De op 1 mei gevormde Nederlandse Gereformeerde Kerken (NGK) tellen volgens het eerste Jaarboek van dit kerkgenootschap, uitgegeven bij Buijten & Schipperheijn, 146.568 leden.
Hiervan is het merendeel, 106.661 leden, afkomstig uit de voormalige Gereformeerde Kerken vrijgemaakt en een veel kleiner deel uit de voormalige Nederlands Gereformeerde Kerken. Het nieuwe kerkverband telt volgens het statistisch jaaroverzicht 322 gemeenten.
Hierin zijn de drie gemeenten die besloten om niet mee te gaan met de hereniging, te weten de gkv’s in Urk, Capelle-Noord en Vroomshoop, nog gewoon meegeteld. Strikt genomen blijkt pas op de eerste classisvergaderingen, in de NGK regionale vergaderingen genoemd, „welke gemeenten gehoor geven aan de uitnodiging voor deze nieuwe regionale vergaderingen”, schrijven de samenstellers van het Jaarboek.

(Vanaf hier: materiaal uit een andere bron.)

lemma mem_conj_set_iff:
  assumes g: "g \<in> carrier G" and Y: "Y \<subseteq> carrier G" and x: "x \<in> carrier G"
  shows "x \<in> conj_set G g Y \<longleftrightarrow> inv g \<otimes> x \<otimes> g \<in> Y"
proof
  assume "x \<in> conj_set G g Y"
  then obtain y where y: "y \<in> Y" "x = g \<otimes> y \<otimes> inv g" unfolding conj_set_def by auto
  have "y \<in> carrier G" using y Y by auto
  then have "inv g \<otimes> x \<otimes> g = y" using y(2) g by (simp add: m_assoc)
  then show "inv g \<otimes> x \<otimes> g \<in> Y" using y by simp
next
  assume "inv g \<otimes> x \<otimes> g \<in> Y"
  moreover have "g \<otimes> (inv g \<otimes> x \<otimes> g) \<otimes> inv g = x" using g x by (simp add: m_assoc)
  ultimately show "x \<in> conj_set G g Y" using conj_set_memI[OF g] by metis
qed

lemma conj_set_self:
  assumes Y: "subgroup Y G" and g: "g \<in> Y"
  shows "conj_set G g Y = Y"
proof
  show "conj_set G g Y \<subseteq> Y" unfolding conj_set_def using Y g
    by (auto intro!: subgroup.m_closed subgroup.m_inv_closed)
  show "Y \<subseteq> conj_set G g Y"
  proof
    fix y assume y: "y \<in> Y"
    have "inv g \<otimes> y \<otimes> g \<in> Y" using Y g y by (auto intro!: subgroup.m_closed subgroup.m_inv_closed)
    then show "y \<in> conj_set G g Y"
      using mem_conj_set_iff Y g y subgroup.subset by (metis subsetD)
  qed
qed

lemma subgroup_subset_normalizer:
  assumes "subgroup Y G" shows "Y \<subseteq> normalizer G Y"
proof
  fix g assume "g \<in> Y"
  then have "g \<in> carrier G" "conj_set G g Y = Y"
    using assms subgroup.subset conj_set_self by blast+
  then show "g \<in> normalizer G Y" using normalizer_eq[OF subgroup.subset[OF assms]] by simp
qed

lemma conj_class_eq_image: "conj_class G Y = (\<lambda>g. conj_set G g Y) ` carrier G"
  unfolding conj_class_def l_r_coset_eq_conj_set by auto

lemma conj_class_eq_iff:
  assumes Y1: "Y1 \<subseteq> carrier G" and Y2: "Y2 \<subseteq> carrier G"
  shows "conj_class G Y1 = conj_class G Y2 \<longleftrightarrow> (\<exists>g\<in>carrier G. Y1 = conj_set G g Y2)"
proof
  assume "conj_class G Y1 = conj_class G Y2"
  moreover have "Y1 \<in> conj_class G Y1"
    unfolding conj_class_eq_image using conj_set_one[OF Y1] one_closed by (metis image_eqI)
  ultimately show "\<exists>g\<in>carrier G. Y1 = conj_set G g Y2" unfolding conj_class_eq_image by auto
next
  assume "\<exists>g\<in>carrier G. Y1 = conj_set G g Y2"
  then obtain h where h: "h \<in> carrier G" "Y1 = conj_set G h Y2" by blast
  have 1: "conj_set G g Y1 = conj_set G (g \<otimes> h) Y2" if "g \<in> carrier G" for g
    using that h Y2 by (simp add: conj_set_conj_set)
  have 2: "conj_set G g Y2 = conj_set G (g \<otimes> inv h) Y1" if "g \<in> carrier G" for g
    using that h Y2 by (simp add: conj_set_conj_set m_assoc)
  show "conj_class G Y1 = conj_class G Y2"
    unfolding conj_class_eq_image
  proof (intro equalityI subsetI)
    fix W assume "W \<in> (\<lambda>g. conj_set G g Y1) ` carrier G"
    then show "W \<in> (\<lambda>g. conj_set G g Y2) ` carrier G" using 1 h(1) by auto
  next
    fix W assume "W \<in> (\<lambda>g. conj_set G g Y2) ` carrier G"
    then show "W \<in> (\<lambda>g. conj_set G g Y1) ` carrier G" using 2 h(1) by auto
  qed
qed

lemma center_carrier: "z \<in> center G \<Longrightarrow> z \<in> carrier G"
  unfolding center_def by auto

lemma center_comm: "z \<in> center G \<Longrightarrow> g \<in> carrier G \<Longrightarrow> z \<otimes> g = g \<otimes> z"
  unfolding center_def by auto

lemma subgroup_center: "subgroup (center G) G"
proof (rule subgroupI)
  show "center G \<subseteq> carrier G" "center G \<noteq> {}"
    unfolding center_def by auto
next
  fix x assume x: "x \<in> center G"
  then have xc: "x \<in> carrier G" by (rule center_carrier)
  have "inv x \<otimes> g = g \<otimes> inv x" if g: "g \<in> carrier G" for g
  proof -
    have "inv x \<otimes> g = inv x \<otimes> (g \<otimes> x) \<otimes> inv x" using xc g by (simp add: m_assoc)
    also have "\<dots> = inv x \<otimes> (x \<otimes> g) \<otimes> inv x" using center_comm[OF x g] by simp
    also have "\<dots> = g \<otimes> inv x" using xc g by simp
    finally show ?thesis .
  qed
  then show "inv x \<in> center G" using xc unfolding center_def by auto
next
  fix x y assume x: "x \<in> center G" and y: "y \<in> center G"
  have xc: "x \<in> carrier G" "y \<in> carrier G" using x y center_carrier by auto
  have "x \<otimes> y \<otimes> g = g \<otimes> (x \<otimes> y)" if g: "g \<in> carrier G" for g
  proof -
    have "x \<otimes> y \<otimes> g = x \<otimes> (g \<otimes> y)" using xc g center_comm[OF y g] by (simp add: m_assoc)
    also have "\<dots> = g \<otimes> (x \<otimes> y)" using xc g center_comm[OF x g] by (simp flip: m_assoc)
    finally show ?thesis .
  qed
  then show "x \<otimes> y \<in> center G" using xc unfolding center_def by auto
qed

lemma center_normal: "center G \<lhd> G"
proof (rule normal_invI[OF subgroup_center])
  fix x h assume "x \<in> carrier G" "h \<in> center G"
  then show "x \<otimes> h \<otimes> inv x \<in> center G"
    using center_comm center_carrier by (metis inv_mult_cancel_right)
qed

lemma conj_set_by_central: "z \<in> center G \<Longrightarrow> Y \<subseteq> carrier G \<Longrightarrow> conj_set G z Y = Y"
proof -
  assume z: "z \<in> center G" and Y: "Y \<subseteq> carrier G"
  have "z \<otimes> y \<otimes> inv z = y" if "y \<in> Y" for y
    using center_comm[OF z] center_carrier[OF z] Y that by (metis inv_mult_cancel_right subsetD)
  then show ?thesis unfolding conj_set_def by (auto simp: image_iff)
qed

lemma conj_set_central: "Y \<subseteq> center G \<Longrightarrow> g \<in> carrier G \<Longrightarrow> conj_set G g Y = Y"
proof -
  assume Y: "Y \<subseteq> center G" and g: "g \<in> carrier G"
  have "g \<otimes> y \<otimes> inv g = y" if "y \<in> Y" for y
    using center_comm[of y g] center_carrier[of y] Y g that by (metis inv_mult_cancel_right subsetD)
  then show ?thesis unfolding conj_set_def by (auto simp: image_iff)
qed

lemma center_subset_normalizer: "Y \<subseteq> carrier G \<Longrightarrow> center G \<subseteq> normalizer G Y"
  using normalizer_eq conj_set_by_central center_carrier by auto

lemma conj_set_subset_center_iff:
  assumes g: "g \<in> carrier G" and Y: "Y \<subseteq> carrier G"
  shows "conj_set G g Y \<subseteq> center G \<longleftrightarrow> Y \<subseteq> center G"
proof
  assume "conj_set G g Y \<subseteq> center G"
  then have "conj_set G (inv g) (conj_set G g Y) \<subseteq> conj_set G (inv g) (center G)"
    by (rule conj_set_mono)
  then show "Y \<subseteq> center G" using g Y by (simp add: conj_set_inv_conj_set conj_set_central)
qed (simp add: g conj_set_central)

Bij alle 322 gemeenten staat in het Jaarboek nog vermeld of het om voormalige gkv’s of Ngk’s gaat. Het jaaroverzicht noemt diverse voorbeelden van gemeenten die plaatselijk al één zijn geworden of bezig zijn stappen in die richting te zetten. Maar „er is geen verplichting om ook plaatselijk te verenigen”.
Samenwerkingsgemeente
Het jaaroverzicht besteedt ook aandacht aan de relatie van de NGK met de Christelijke Gereformeerde Kerken (CGK). In 24 plaatsen vormen Ngk’s een samenwerkingsgemeente met de plaatselijke cgk. Over de discussie in de CGK over vrouwen in het ambt schrijft het Jaarboek: „Vanaf de zijlijn vervult het ons met verbazing en verdriet wat daar gebeurt. Temeer omdat er herkenning is van een proces dat in de NGK en GKV ook heeft gespeeld, en van een standpunt dat te lang gekoesterd wordt door ‘mannige’ vergaderingen.”